Bibliography and Additional Resources

I collect here below some interesting resources that I stumbled upon

  • Refactoring Database: Evolutionary Databases Design; like the code that we use, also databases need to be refactored and adapted to the ever-changing specs and requirements. Unlike the code base, though, databases need to be handled with extra care, especially in the case the database is shared across different actors and services. This book provides a practical and concrete set of strategies to apply in the presence of different refactoring needs.
  • Database Internals: A Deep Dive into How Distributed Data Systems Work; The book is divided into two parts; The first part deals with B*-trees, LSM-trees, differences between locks and latches, memory VS disk optimizations, rebalancing, concurrency models for transactions, etc. The second part is more about distributed systems (Paxos algorithms, replication, byzantine fault, etc).

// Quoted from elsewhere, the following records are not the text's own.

(* The functors $\downarrow$ and $\uparrow$ restrict to mutually inverse isomorphisms of categories $$\mathcal S\!\uparrow\;\cong\;\mathcal S\!\downarrow,\qquad \mathcal S(n)\!\uparrow\;\cong\;\mathcal S(n)\!\downarrow,\qquad \mathcal S_\ell\!\uparrow\;\cong\;\mathcal S_{\ell+1}\!\downarrow,\qquad \mathcal S_\ell(n)\!\uparrow\;\cong\;\mathcal S_{\ell+1}(n)\!\downarrow$$ (with $\downarrow$ going from left to right and $\uparrow$ from right to left).
   Context: Let $R$ be a commutative principal ideal domain, $p$ a generator of a maximal ideal. A $p$-module is a finite-length $R$-module annihilated by some power of $p$. $\mathcal S$ is the category of embeddings $(A\subset B)$ of a submodule in a $p$-module, morphisms $(A\subset B)\to(A'\subset B')$ being $R$-maps $f:B\to B'$ with $f(A)\subseteq A'$. $\mathcal S_\ell$: full subcategory with $p^\ell A=0$; $\mathcal S(n)$: full subcategory with $p^nB=0$; $\mathcal S_\ell(n)=\mathcal S_\ell\cap\mathcal S(n)$. Lifting: $(A\subset B)\!\uparrow=(p^{-1}A\subset B)$ where $p^{-1}A=\{b\in B:pb\in A\}$; reducing: $(A\subset B)\!\downarrow=(pA\subset B)$; both are the identity on underlying maps. For $\mathcal U$ one of $\mathcal S,\mathcal S_\ell,\mathcal S(n),\mathcal S_\ell(n)$, $\mathcal U\!\uparrow$ (resp. $\mathcal U\!\downarrow$) is the full subcategory of $\mathcal S$ of all objects $X\!\uparrow$ (resp. $X\!\downarrow$) with $X\in\mathcal U$. *)

theory Defs
  imports Main "HOL.Modules"
begin

definition is_ideal :: "'r::comm_ring_1 set \<Rightarrow> bool" where
  "is_ideal I \<longleftrightarrow> module.subspace ((*) :: 'r \<Rightarrow> 'r \<Rightarrow> 'r) I"

definition principal :: "'r::comm_ring_1 \<Rightarrow> 'r set" where
  "principal a = {r * a | r. True}"

definition all_ideals_principal :: "'r::comm_ring_1 itself \<Rightarrow> bool" where
  "all_ideals_principal _ \<longleftrightarrow> (\<forall>I::'r set. is_ideal I \<longrightarrow> (\<exists>a. I = principal a))"

definition maximal_ideal :: "'r::comm_ring_1 set \<Rightarrow> bool" where
  "maximal_ideal I \<longleftrightarrow> is_ideal I \<and> I \<noteq> UNIV \<and>
     (\<forall>J. is_ideal J \<and> I \<subseteq> J \<longrightarrow> J = I \<or> J = UNIV)"

(* Modules are submodules B of an ambient module (type 'm with scalar multiplication s). *)
definition finite_length :: "('r::comm_ring_1 \<Rightarrow> 'm::ab_group_add \<Rightarrow> 'm) \<Rightarrow> 'm set \<Rightarrow> bool" where
  "finite_length s B \<longleftrightarrow> (\<exists>N::nat. \<forall>Ms. (\<forall>M\<in>set Ms. module.subspace s M \<and> M \<subseteq> B)
        \<and> sorted_wrt (\<subset>) Ms \<longrightarrow> length Ms \<le> N)"

definition p_module :: "('r::comm_ring_1 \<Rightarrow> 'm::ab_group_add \<Rightarrow> 'm) \<Rightarrow> 'r \<Rightarrow> 'm set \<Rightarrow> bool" where
  "p_module s p B \<longleftrightarrow> module.subspace s B \<and> finite_length s B \<and> (\<exists>k::nat. \<forall>b\<in>B. s (p ^ k) b = 0)"

(* Objects (A \<subseteq> B) are encoded as pairs (A, B). *)
definition objS :: "('r::comm_ring_1 \<Rightarrow> 'm::ab_group_add \<Rightarrow> 'm) \<Rightarrow> 'r \<Rightarrow> 'm set \<times> 'm set \<Rightarrow> bool" where
  "objS s p X \<longleftrightarrow> p_module s p (snd X) \<and> module.subspace s (fst X) \<and> fst X \<subseteq> snd X"

definition objS_l :: "('r::comm_ring_1 \<Rightarrow> 'm::ab_group_add \<Rightarrow> 'm) \<Rightarrow> 'r \<Rightarrow> nat \<Rightarrow> 'm set \<times> 'm set \<Rightarrow> bool" where
  "objS_l s p l X \<longleftrightarrow> objS s p X \<and> (\<forall>a\<in>fst X. s (p ^ l) a = 0)"

definition objS_n :: "('r::comm_ring_1 \<Rightarrow> 'm::ab_group_add \<Rightarrow> 'm) \<Rightarrow> 'r \<Rightarrow> nat \<Rightarrow> 'm set \<times> 'm set \<Rightarrow> bool" where
  "objS_n s p n X \<longleftrightarrow> objS s p X \<and> (\<forall>b\<in>snd X. s (p ^ n) b = 0)"

definition objS_ln :: "('r::comm_ring_1 \<Rightarrow> 'm::ab_group_add \<Rightarrow> 'm) \<Rightarrow> 'r \<Rightarrow> nat \<Rightarrow> nat \<Rightarrow> 'm set \<times> 'm set \<Rightarrow> bool" where
  "objS_ln s p l n X \<longleftrightarrow> objS_l s p l X \<and> objS_n s p n X"

definition is_hom :: "('r::comm_ring_1 \<Rightarrow> 'm::ab_group_add \<Rightarrow> 'm) \<Rightarrow> ('r \<Rightarrow> 'n::ab_group_add \<Rightarrow> 'n)
    \<Rightarrow> 'm set \<times> 'm set \<Rightarrow> 'n set \<times> 'n set \<Rightarrow> ('m \<Rightarrow> 'n) \<Rightarrow> bool" where
  "is_hom s s' X X' f \<longleftrightarrow> f ` snd X \<subseteq> snd X' \<and>
     (\<forall>x\<in>snd X. \<forall>y\<in>snd X. f (x + y) = f x + f y) \<and>
     (\<forall>r. \<forall>x\<in>snd X. f (s r x) = s' r (f x)) \<and> f ` fst X \<subseteq> fst X'"

(* Lifting and reducing (identity on maps) *)
definition up :: "('r \<Rightarrow> 'm \<Rightarrow> 'm) \<Rightarrow> 'r \<Rightarrow> 'm set \<times> 'm set \<Rightarrow> 'm set \<times> 'm set" where
  "up s p X = ({b \<in> snd X. s p b \<in> fst X}, snd X)"

definition down :: "('r \<Rightarrow> 'm \<Rightarrow> 'm) \<Rightarrow> 'r \<Rightarrow> 'm set \<times> 'm set \<Rightarrow> 'm set \<times> 'm set" where
  "down s p X = (s p ` fst X, snd X)"

(* U\<up> and U\<down> as full subcategories (object predicates) *)
definition lifted :: "('r \<Rightarrow> 'm \<Rightarrow> 'm) \<Rightarrow> 'r \<Rightarrow> ('m set \<times> 'm set \<Rightarrow> bool) \<Rightarrow> 'm set \<times> 'm set \<Rightarrow> bool" where
  "lifted s p U X \<longleftrightarrow> (\<exists>Y. U Y \<and> X = up s p Y)"

definition reduced :: "('r \<Rightarrow> 'm \<Rightarrow> 'm) \<Rightarrow> 'r \<Rightarrow> ('m set \<times> 'm set \<Rightarrow> bool) \<Rightarrow> 'm set \<times> 'm set \<Rightarrow> bool" where
  "reduced s p U X \<longleftrightarrow> (\<exists>Y. U Y \<and> X = down s p Y)"

(* C, D are the object classes in the module universe of type 'm,
   C', D' the same classes in the universe of type 'n (morphisms may go between types). *)
definition updown_iso ::
  "('r::comm_ring_1 \<Rightarrow> 'm::ab_group_add \<Rightarrow> 'm) \<Rightarrow> ('r \<Rightarrow> 'n::ab_group_add \<Rightarrow> 'n) \<Rightarrow> 'r
   \<Rightarrow> ('m set \<times> 'm set \<Rightarrow> bool) \<Rightarrow> ('n set \<times> 'n set \<Rightarrow> bool)
   \<Rightarrow> ('m set \<times> 'm set \<Rightarrow> bool) \<Rightarrow> ('n set \<times> 'n set \<Rightarrow> bool) \<Rightarrow> bool" where
  "updown_iso s s' p C C' D D' \<longleftrightarrow>
     (\<forall>X. C X \<longrightarrow> D (down s p X)) \<and> (\<forall>X. C' X \<longrightarrow> D' (down s' p X)) \<and>
     (\<forall>Y. D Y \<longrightarrow> C (up s p Y)) \<and> (\<forall>Y. D' Y \<longrightarrow> C' (up s' p Y)) \<and>
     (\<forall>X. C X \<longrightarrow> up s p (down s p X) = X) \<and> (\<forall>Y. D Y \<longrightarrow> down s p (up s p Y) = Y) \<and>
     (\<forall>X X' f. C X \<and> C' X' \<and> is_hom s s' X X' f \<longrightarrow> is_hom s s' (down s p X) (down s' p X') f) \<and>
     (\<forall>Y Y' f. D Y \<and> D' Y' \<and> is_hom s s' Y Y' f \<longrightarrow> is_hom s s' (up s p Y) (up s' p Y') f)"

end

theory Submission
  imports Defs
begin

text \<open>For \<open>A \<subseteq> B\<close> we have \<open>p (p\<^sup>-\<^sup>1 (pA)) = pA\<close>, and always \<open>p\<^sup>-\<^sup>1 (p (p\<^sup>-\<^sup>1 A)) = p\<^sup>-\<^sup>1 A\<close>; so on
  reduced objects \<open>\<down> \<circ> \<up>\<close> is the identity and on lifted objects \<open>\<up> \<circ> \<down>\<close> is the identity.
  Both operations preserve objects and morphisms (multiplication by \<open>p\<close> commutes with linear
  maps), and they shift the exponent annihilating the submodule by one while leaving the
  ambient module untouched.\<close>

lemma subspace_scale_image:
  assumes "module s" "module.subspace s A"
  shows "module.subspace s (s p ` A)"
proof -
  interpret module s by fact
  have "\<And>c x. s c (s p x) = s p (s c x)" by (simp add: mult.commute)
  then show ?thesis using assms(2) unfolding subspace_def
    by (auto simp: scale_right_distrib[symmetric] image_iff simp del: scale_scale)
      (rule bexI[of _ 0]; simp)
qed

lemma subspace_scale_preimage:
  assumes "module s" "module.subspace s A" "module.subspace s B"
  shows "module.subspace s {b \<in> B. s p b \<in> A}"
proof -
  interpret module s by fact
  have "\<And>c x. s p (s c x) = s c (s p x)" by (simp add: mult.commute)
  then show ?thesis using assms(2,3) unfolding subspace_def
    by (auto simp: scale_right_distrib simp del: scale_scale)
qed

lemma module_scale_pow_Suc: "module s \<Longrightarrow> s (p ^ Suc l) b = s (p ^ l) (s p b)"
  by (simp add: module.scale_scale mult.commute)

lemma objS_up: "module s \<Longrightarrow> objS s p Y \<Longrightarrow> objS s p (up s p Y)"
  unfolding objS_def up_def p_module_def by (auto intro: subspace_scale_preimage)

lemma objS_down: "module s \<Longrightarrow> objS s p Y \<Longrightarrow> objS s p (down s p Y)"
  unfolding objS_def down_def p_module_def
  by (auto intro: subspace_scale_image module.subspace_scale)

lemma objS_n_up: "module s \<Longrightarrow> objS_n s p n Y \<Longrightarrow> objS_n s p n (up s p Y)"
  using objS_up[of s p Y] unfolding objS_n_def by (simp add: up_def)

lemma objS_n_down: "module s \<Longrightarrow> objS_n s p n Y \<Longrightarrow> objS_n s p n (down s p Y)"
  using objS_down[of s p Y] unfolding objS_n_def by (simp add: down_def)

lemma objS_l_up: "module s \<Longrightarrow> objS_l s p l Y \<Longrightarrow> objS_l s p (l + 1) (up s p Y)"
  using objS_up[of s p Y] unfolding objS_l_def
  by (simp add: up_def module_scale_pow_Suc del: power_Suc)

lemma objS_l_down: "module s \<Longrightarrow> objS_l s p (l + 1) Y \<Longrightarrow> objS_l s p l (down s p Y)"
  using objS_down[of s p Y] unfolding objS_l_def
  by (simp add: down_def module_scale_pow_Suc del: power_Suc)

lemma objS_ln_up: "module s \<Longrightarrow> objS_ln s p l n Y \<Longrightarrow> objS_ln s p (l + 1) n (up s p Y)"
  unfolding objS_ln_def using objS_l_up objS_n_up by blast

lemma objS_ln_down: "module s \<Longrightarrow> objS_ln s p (l + 1) n Y \<Longrightarrow> objS_ln s p l n (down s p Y)"
  unfolding objS_ln_def using objS_l_down objS_n_down by blast

lemma up_down_up: "up s p (down s p (up s p Y)) = up s p Y"
  by (auto simp: up_def down_def)

lemma down_up_down:
  assumes "fst Y \<subseteq> snd Y"
  shows "down s p (up s p (down s p Y)) = down s p Y"
proof -
  have "s p ` {b \<in> snd Y. s p b \<in> s p ` fst Y} = s p ` fst Y"
    using assms by blast
  then show ?thesis by (simp add: up_def down_def)
qed

lemma is_hom_up: "is_hom s s' X X' f \<Longrightarrow> is_hom s s' (up s p X) (up s' p X') f"
  unfolding is_hom_def up_def by (auto simp: image_subset_iff)

lemma is_hom_down:
  assumes "fst X \<subseteq> snd X" and f: "is_hom s s' X X' f"
  shows "is_hom s s' (down s p X) (down s' p X') f"
proof -
  have "f (s p a) = s' p (f a) \<and> f a \<in> fst X'" if "a \<in> fst X" for a
    using that assms unfolding is_hom_def by blast
  then have "f ` s p ` fst X \<subseteq> s' p ` fst X'" by blast
  with f show ?thesis unfolding is_hom_def down_def by simp
qed

lemma updown_isoI:
  assumes up_UV: "\<And>Y. U Y \<Longrightarrow> V (up s p Y)" and down_VU: "\<And>Y. V Y \<Longrightarrow> U (down s p Y)"
    and up_UV': "\<And>Y. U' Y \<Longrightarrow> V' (up s' p Y)" and down_VU': "\<And>Y. V' Y \<Longrightarrow> U' (down s' p Y)"
    and V_sub: "\<And>Y. V Y \<Longrightarrow> fst Y \<subseteq> snd Y"
  shows "updown_iso s s' p (lifted s p U) (lifted s' p U') (reduced s p V) (reduced s' p V')"
  unfolding updown_iso_def lifted_def reduced_def
proof (intro conjI allI impI)
  fix X assume "\<exists>Y. U Y \<and> X = up s p Y"
  then show "\<exists>Y. V Y \<and> down s p X = down s p Y" using up_UV by blast
next
  fix X assume "\<exists>Y. U' Y \<and> X = up s' p Y"
  then show "\<exists>Y. V' Y \<and> down s' p X = down s' p Y" using up_UV' by blast
next
  fix X assume "\<exists>Y. V Y \<and> X = down s p Y"
  then show "\<exists>Y. U Y \<and> up s p X = up s p Y" using down_VU by blast
next
  fix X assume "\<exists>Y. V' Y \<and> X = down s' p Y"
  then show "\<exists>Y. U' Y \<and> up s' p X = up s' p Y" using down_VU' by blast
next
  fix X assume "\<exists>Y. U Y \<and> X = up s p Y"
  then show "up s p (down s p X) = X" using up_down_up by metis
next
  fix X assume "\<exists>Y. V Y \<and> X = down s p Y"
  then show "down s p (up s p X) = X" using V_sub down_up_down by metis
next
  fix X X' f
  assume "(\<exists>Y. U Y \<and> X = up s p Y) \<and> (\<exists>Y. U' Y \<and> X' = up s' p Y) \<and> is_hom s s' X X' f"
  moreover have "fst (up s p Y) \<subseteq> snd (up s p Y)" for Y
    by (auto simp: up_def)
  ultimately show "is_hom s s' (down s p X) (down s' p X') f"
    using is_hom_down by blast
next
  fix X X' f
  assume "(\<exists>Y. V Y \<and> X = down s p Y) \<and> (\<exists>Y. V' Y \<and> X' = down s' p Y) \<and> is_hom s s' X X' f"
  then show "is_hom s s' (up s p X) (up s' p X') f" using is_hom_up by blast
qed

theorem lemma7:
  fixes s :: "'r::idom \<Rightarrow> 'm::ab_group_add \<Rightarrow> 'm"
    and s' :: "'r \<Rightarrow> 'n::ab_group_add \<Rightarrow> 'n"
    and p :: 'r and l n :: nat
  assumes "all_ideals_principal TYPE('r)"
    and "maximal_ideal (principal p)"
    and "module s" and "module s'"
  shows "updown_iso s s' p (lifted s p (objS s p)) (lifted s' p (objS s' p))
                           (reduced s p (objS s p)) (reduced s' p (objS s' p))
       \<and> updown_iso s s' p (lifted s p (objS_n s p n)) (lifted s' p (objS_n s' p n))
                           (reduced s p (objS_n s p n)) (reduced s' p (objS_n s' p n))
       \<and> updown_iso s s' p (lifted s p (objS_l s p l)) (lifted s' p (objS_l s' p l))
                           (reduced s p (objS_l s p (l + 1))) (reduced s' p (objS_l s' p (l + 1)))
       \<and> updown_iso s s' p (lifted s p (objS_ln s p l n)) (lifted s' p (objS_ln s' p l n))
                           (reduced s p (objS_ln s p (l + 1) n)) (reduced s' p (objS_ln s' p (l + 1) n))"
proof -
  have "objS_n s p n Y \<Longrightarrow> objS s p Y" "objS_l s p l Y \<Longrightarrow> objS s p Y"
    "objS_ln s p l n Y \<Longrightarrow> objS s p Y" "objS s p Y \<Longrightarrow> fst Y \<subseteq> snd Y"
    for s :: "'r \<Rightarrow> 'x::ab_group_add \<Rightarrow> 'x" and l Y
    by (simp_all add: objS_def objS_n_def objS_l_def objS_ln_def)
  with assms(3,4) show ?thesis
    by (intro conjI updown_isoI)
      (blast intro: objS_up objS_down objS_n_up objS_n_down objS_l_up objS_l_down
        objS_ln_up objS_ln_down)+
qed

end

All in all an essential vademecum for anyone who wants a refresher on the pros and cons of the enormous plethora of different solutions that are available out there when talking about databases.
  • Software Architecture: the hard parts. A comprehensive overview of best practices and ideas to apply when there are no design patterns that match our use case. Moving from a monolithic to a microservice structure, while refactoring team structure and database usage is one of the most difficult steps to take in modern IT. This book is an essential vademecum to survive this challenging process.
  • This beautiful YouTube video introduces all the normalization forms.